• **Exercise data**
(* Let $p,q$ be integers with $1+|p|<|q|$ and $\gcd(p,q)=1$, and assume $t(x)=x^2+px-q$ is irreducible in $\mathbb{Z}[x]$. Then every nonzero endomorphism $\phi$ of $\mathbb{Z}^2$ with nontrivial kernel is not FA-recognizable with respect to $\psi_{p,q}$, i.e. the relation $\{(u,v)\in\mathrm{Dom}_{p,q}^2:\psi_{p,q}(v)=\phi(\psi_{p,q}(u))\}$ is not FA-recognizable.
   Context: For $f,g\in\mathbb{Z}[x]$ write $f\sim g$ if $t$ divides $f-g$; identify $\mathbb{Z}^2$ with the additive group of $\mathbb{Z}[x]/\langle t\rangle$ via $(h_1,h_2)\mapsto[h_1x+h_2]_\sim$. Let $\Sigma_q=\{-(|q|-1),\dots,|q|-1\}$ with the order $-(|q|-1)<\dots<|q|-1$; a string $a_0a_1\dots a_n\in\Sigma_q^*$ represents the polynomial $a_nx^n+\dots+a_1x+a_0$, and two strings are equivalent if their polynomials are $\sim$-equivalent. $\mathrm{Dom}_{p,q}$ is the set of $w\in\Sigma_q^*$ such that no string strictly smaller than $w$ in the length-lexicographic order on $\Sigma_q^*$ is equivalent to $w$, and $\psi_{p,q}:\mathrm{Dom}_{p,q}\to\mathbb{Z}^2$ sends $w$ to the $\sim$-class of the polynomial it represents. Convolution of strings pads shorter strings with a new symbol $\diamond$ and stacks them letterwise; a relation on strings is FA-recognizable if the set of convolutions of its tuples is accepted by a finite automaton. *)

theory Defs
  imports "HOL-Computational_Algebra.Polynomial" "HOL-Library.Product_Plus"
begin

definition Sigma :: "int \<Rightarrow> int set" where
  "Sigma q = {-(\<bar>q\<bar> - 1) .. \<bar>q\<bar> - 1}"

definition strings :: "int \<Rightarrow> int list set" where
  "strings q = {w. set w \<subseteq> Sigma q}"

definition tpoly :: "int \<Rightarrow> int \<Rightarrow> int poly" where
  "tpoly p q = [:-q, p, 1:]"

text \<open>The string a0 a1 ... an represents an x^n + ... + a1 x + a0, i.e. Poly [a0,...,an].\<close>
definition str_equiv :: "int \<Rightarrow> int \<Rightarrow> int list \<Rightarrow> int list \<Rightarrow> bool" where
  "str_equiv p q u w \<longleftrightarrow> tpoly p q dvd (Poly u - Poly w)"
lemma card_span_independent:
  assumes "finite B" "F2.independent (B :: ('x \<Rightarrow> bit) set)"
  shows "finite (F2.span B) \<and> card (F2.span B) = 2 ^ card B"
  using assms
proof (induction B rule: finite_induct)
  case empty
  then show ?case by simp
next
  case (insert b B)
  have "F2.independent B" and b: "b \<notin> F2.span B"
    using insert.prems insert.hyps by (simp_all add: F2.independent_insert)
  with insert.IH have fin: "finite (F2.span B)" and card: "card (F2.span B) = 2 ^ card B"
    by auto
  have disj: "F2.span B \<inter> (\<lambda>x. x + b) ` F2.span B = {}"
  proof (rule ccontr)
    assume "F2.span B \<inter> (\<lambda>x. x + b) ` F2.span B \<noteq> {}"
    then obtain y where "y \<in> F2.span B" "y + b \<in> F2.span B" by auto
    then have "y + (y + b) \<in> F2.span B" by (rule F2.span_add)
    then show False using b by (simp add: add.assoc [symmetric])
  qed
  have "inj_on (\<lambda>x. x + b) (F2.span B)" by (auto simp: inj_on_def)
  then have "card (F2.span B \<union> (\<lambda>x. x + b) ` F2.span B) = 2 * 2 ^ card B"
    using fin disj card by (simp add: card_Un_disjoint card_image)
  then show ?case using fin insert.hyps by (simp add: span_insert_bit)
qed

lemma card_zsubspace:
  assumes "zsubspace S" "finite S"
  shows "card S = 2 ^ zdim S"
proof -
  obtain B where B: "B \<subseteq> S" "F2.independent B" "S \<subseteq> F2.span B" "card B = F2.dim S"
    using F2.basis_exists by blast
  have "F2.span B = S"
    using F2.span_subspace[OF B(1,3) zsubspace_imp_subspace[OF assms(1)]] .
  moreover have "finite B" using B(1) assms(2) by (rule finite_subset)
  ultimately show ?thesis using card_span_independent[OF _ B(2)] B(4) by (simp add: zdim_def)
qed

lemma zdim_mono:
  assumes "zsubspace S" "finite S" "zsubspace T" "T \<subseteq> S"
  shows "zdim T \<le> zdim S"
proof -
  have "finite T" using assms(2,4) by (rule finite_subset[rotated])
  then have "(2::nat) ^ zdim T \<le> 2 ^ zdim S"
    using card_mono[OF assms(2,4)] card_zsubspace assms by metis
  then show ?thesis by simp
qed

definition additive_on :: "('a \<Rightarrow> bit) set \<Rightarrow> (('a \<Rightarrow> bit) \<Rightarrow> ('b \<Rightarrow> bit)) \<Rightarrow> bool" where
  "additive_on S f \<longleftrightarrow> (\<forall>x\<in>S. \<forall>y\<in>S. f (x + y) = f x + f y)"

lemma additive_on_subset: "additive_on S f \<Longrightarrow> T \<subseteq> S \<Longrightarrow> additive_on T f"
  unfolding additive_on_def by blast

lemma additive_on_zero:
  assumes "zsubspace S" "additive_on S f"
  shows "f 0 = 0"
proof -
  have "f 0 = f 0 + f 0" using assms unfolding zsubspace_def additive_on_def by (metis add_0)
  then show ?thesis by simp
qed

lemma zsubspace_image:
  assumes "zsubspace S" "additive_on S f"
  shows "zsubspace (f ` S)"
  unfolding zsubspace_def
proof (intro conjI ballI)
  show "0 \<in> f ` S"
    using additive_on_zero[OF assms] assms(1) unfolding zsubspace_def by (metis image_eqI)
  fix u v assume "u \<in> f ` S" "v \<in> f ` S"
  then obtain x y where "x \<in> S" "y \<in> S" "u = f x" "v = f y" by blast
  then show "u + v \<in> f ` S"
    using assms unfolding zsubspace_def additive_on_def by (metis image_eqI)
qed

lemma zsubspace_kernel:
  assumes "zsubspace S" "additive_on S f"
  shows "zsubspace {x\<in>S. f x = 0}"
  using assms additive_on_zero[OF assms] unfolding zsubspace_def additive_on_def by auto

• **About this exercise**
Would you output all of the material exactly as it reads?

• **Solution to this task**
(* Let $p,q$ be integers with $1+|p|<|q|$ and $\gcd(p,q)=1$, and assume $t(x)=x^2+px-q$ is irreducible in $\mathbb{Z}[x]$. Then every nonzero endomorphism $\phi$ of $\mathbb{Z}^2$ with nontrivial kernel is not FA-recognizable with respect to $\psi_{p,q}$, i.e. the relation $\{(u,v)\in\mathrm{Dom}_{p,q}^2:\psi_{p,q}(v)=\phi(\psi_{p,q}(u))\}$ is not FA-recognizable.
   Context: For $f,g\in\mathbb{Z}[x]$ write $f\sim g$ if $t$ divides $f-g$; identify $\mathbb{Z}^2$ with the additive group of $\mathbb{Z}[x]/\langle t\rangle$ via $(h_1,h_2)\mapsto[h_1x+h_2]_\sim$. Let $\Sigma_q=\{-(|q|-1),\dots,|q|-1\}$ with the order $-(|q|-1)<\dots<|q|-1$; a string $a_0a_1\dots a_n\in\Sigma_q^*$ represents the polynomial $a_nx^n+\dots+a_1x+a_0$, and two strings are equivalent if their polynomials are $\sim$-equivalent. $\mathrm{Dom}_{p,q}$ is the set of $w\in\Sigma_q^*$ such that no string strictly smaller than $w$ in the length-lexicographic order on $\Sigma_q^*$ is equivalent to $w$, and $\psi_{p,q}:\mathrm{Dom}_{p,q}\to\mathbb{Z}^2$ sends $w$ to the $\sim$-class of the polynomial it represents. Convolution of strings pads shorter strings with a new symbol $\diamond$ and stacks them letterwise; a relation on strings is FA-recognizable if the set of convolutions of its tuples is accepted by a finite automaton. *)

theory Defs
  imports "HOL-Computational_Algebra.Polynomial" "HOL-Library.Product_Plus"
begin

definition Sigma :: "int \<Rightarrow> int set" where
  "Sigma q = {-(\<bar>q\<bar> - 1) .. \<bar>q\<bar> - 1}"

definition strings :: "int \<Rightarrow> int list set" where
  "strings q = {w. set w \<subseteq> Sigma q}"

definition tpoly :: "int \<Rightarrow> int \<Rightarrow> int poly" where
  "tpoly p q = [:-q, p, 1:]"

text \<open>The string a0 a1 ... an represents an x^n + ... + a1 x + a0, i.e. Poly [a0,...,an].\<close>
definition str_equiv :: "int \<Rightarrow> int \<Rightarrow> int list \<Rightarrow> int list \<Rightarrow> bool" where
  "str_equiv p q u w \<longleftrightarrow> tpoly p q dvd (Poly u - Poly w)"
lemma card_span_independent:
  assumes "finite B" "F2.independent (B :: ('x \<Rightarrow> bit) set)"
  shows "finite (F2.span B) \<and> card (F2.span B) = 2 ^ card B"
  using assms
proof (induction B rule: finite_induct)
  case empty
  then show ?case by simp
next
  case (insert b B)
  have "F2.independent B" and b: "b \<notin> F2.span B"
    using insert.prems insert.hyps by (simp_all add: F2.independent_insert)
  with insert.IH have fin: "finite (F2.span B)" and card: "card (F2.span B) = 2 ^ card B"
    by auto
  have disj: "F2.span B \<inter> (\<lambda>x. x + b) ` F2.span B = {}"
  proof (rule ccontr)
    assume "F2.span B \<inter> (\<lambda>x. x + b) ` F2.span B \<noteq> {}"
    then obtain y where "y \<in> F2.span B" "y + b \<in> F2.span B" by auto
    then have "y + (y + b) \<in> F2.span B" by (rule F2.span_add)
    then show False using b by (simp add: add.assoc [symmetric])
  qed
  have "inj_on (\<lambda>x. x + b) (F2.span B)" by (auto simp: inj_on_def)
  then have "card (F2.span B \<union> (\<lambda>x. x + b) ` F2.span B) = 2 * 2 ^ card B"
    using fin disj card by (simp add: card_Un_disjoint card_image)
  then show ?case using fin insert.hyps by (simp add: span_insert_bit)
qed

lemma card_zsubspace:
  assumes "zsubspace S" "finite S"
  shows "card S = 2 ^ zdim S"
proof -
  obtain B where B: "B \<subseteq> S" "F2.independent B" "S \<subseteq> F2.span B" "card B = F2.dim S"
    using F2.basis_exists by blast
  have "F2.span B = S"
    using F2.span_subspace[OF B(1,3) zsubspace_imp_subspace[OF assms(1)]] .
  moreover have "finite B" using B(1) assms(2) by (rule finite_subset)
  ultimately show ?thesis using card_span_independent[OF _ B(2)] B(4) by (simp add: zdim_def)
qed

lemma zdim_mono:
  assumes "zsubspace S" "finite S" "zsubspace T" "T \<subseteq> S"
  shows "zdim T \<le> zdim S"
proof -
  have "finite T" using assms(2,4) by (rule finite_subset[rotated])
  then have "(2::nat) ^ zdim T \<le> 2 ^ zdim S"
    using card_mono[OF assms(2,4)] card_zsubspace assms by metis
  then show ?thesis by simp
qed

definition additive_on :: "('a \<Rightarrow> bit) set \<Rightarrow> (('a \<Rightarrow> bit) \<Rightarrow> ('b \<Rightarrow> bit)) \<Rightarrow> bool" where
  "additive_on S f \<longleftrightarrow> (\<forall>x\<in>S. \<forall>y\<in>S. f (x + y) = f x + f y)"

lemma additive_on_subset: "additive_on S f \<Longrightarrow> T \<subseteq> S \<Longrightarrow> additive_on T f"
  unfolding additive_on_def by blast

lemma additive_on_zero:
  assumes "zsubspace S" "additive_on S f"
  shows "f 0 = 0"
proof -
  have "f 0 = f 0 + f 0" using assms unfolding zsubspace_def additive_on_def by (metis add_0)
  then show ?thesis by simp
qed

lemma zsubspace_image:
  assumes "zsubspace S" "additive_on S f"
  shows "zsubspace (f ` S)"
  unfolding zsubspace_def
proof (intro conjI ballI)
  show "0 \<in> f ` S"
    using additive_on_zero[OF assms] assms(1) unfolding zsubspace_def by (metis image_eqI)
  fix u v assume "u \<in> f ` S" "v \<in> f ` S"
  then obtain x y where "x \<in> S" "y \<in> S" "u = f x" "v = f y" by blast
  then show "u + v \<in> f ` S"
    using assms unfolding zsubspace_def additive_on_def by (metis image_eqI)
qed

lemma zsubspace_kernel:
  assumes "zsubspace S" "additive_on S f"
  shows "zsubspace {x\<in>S. f x = 0}"
  using assms additive_on_zero[OF assms] unfolding zsubspace_def additive_on_def by auto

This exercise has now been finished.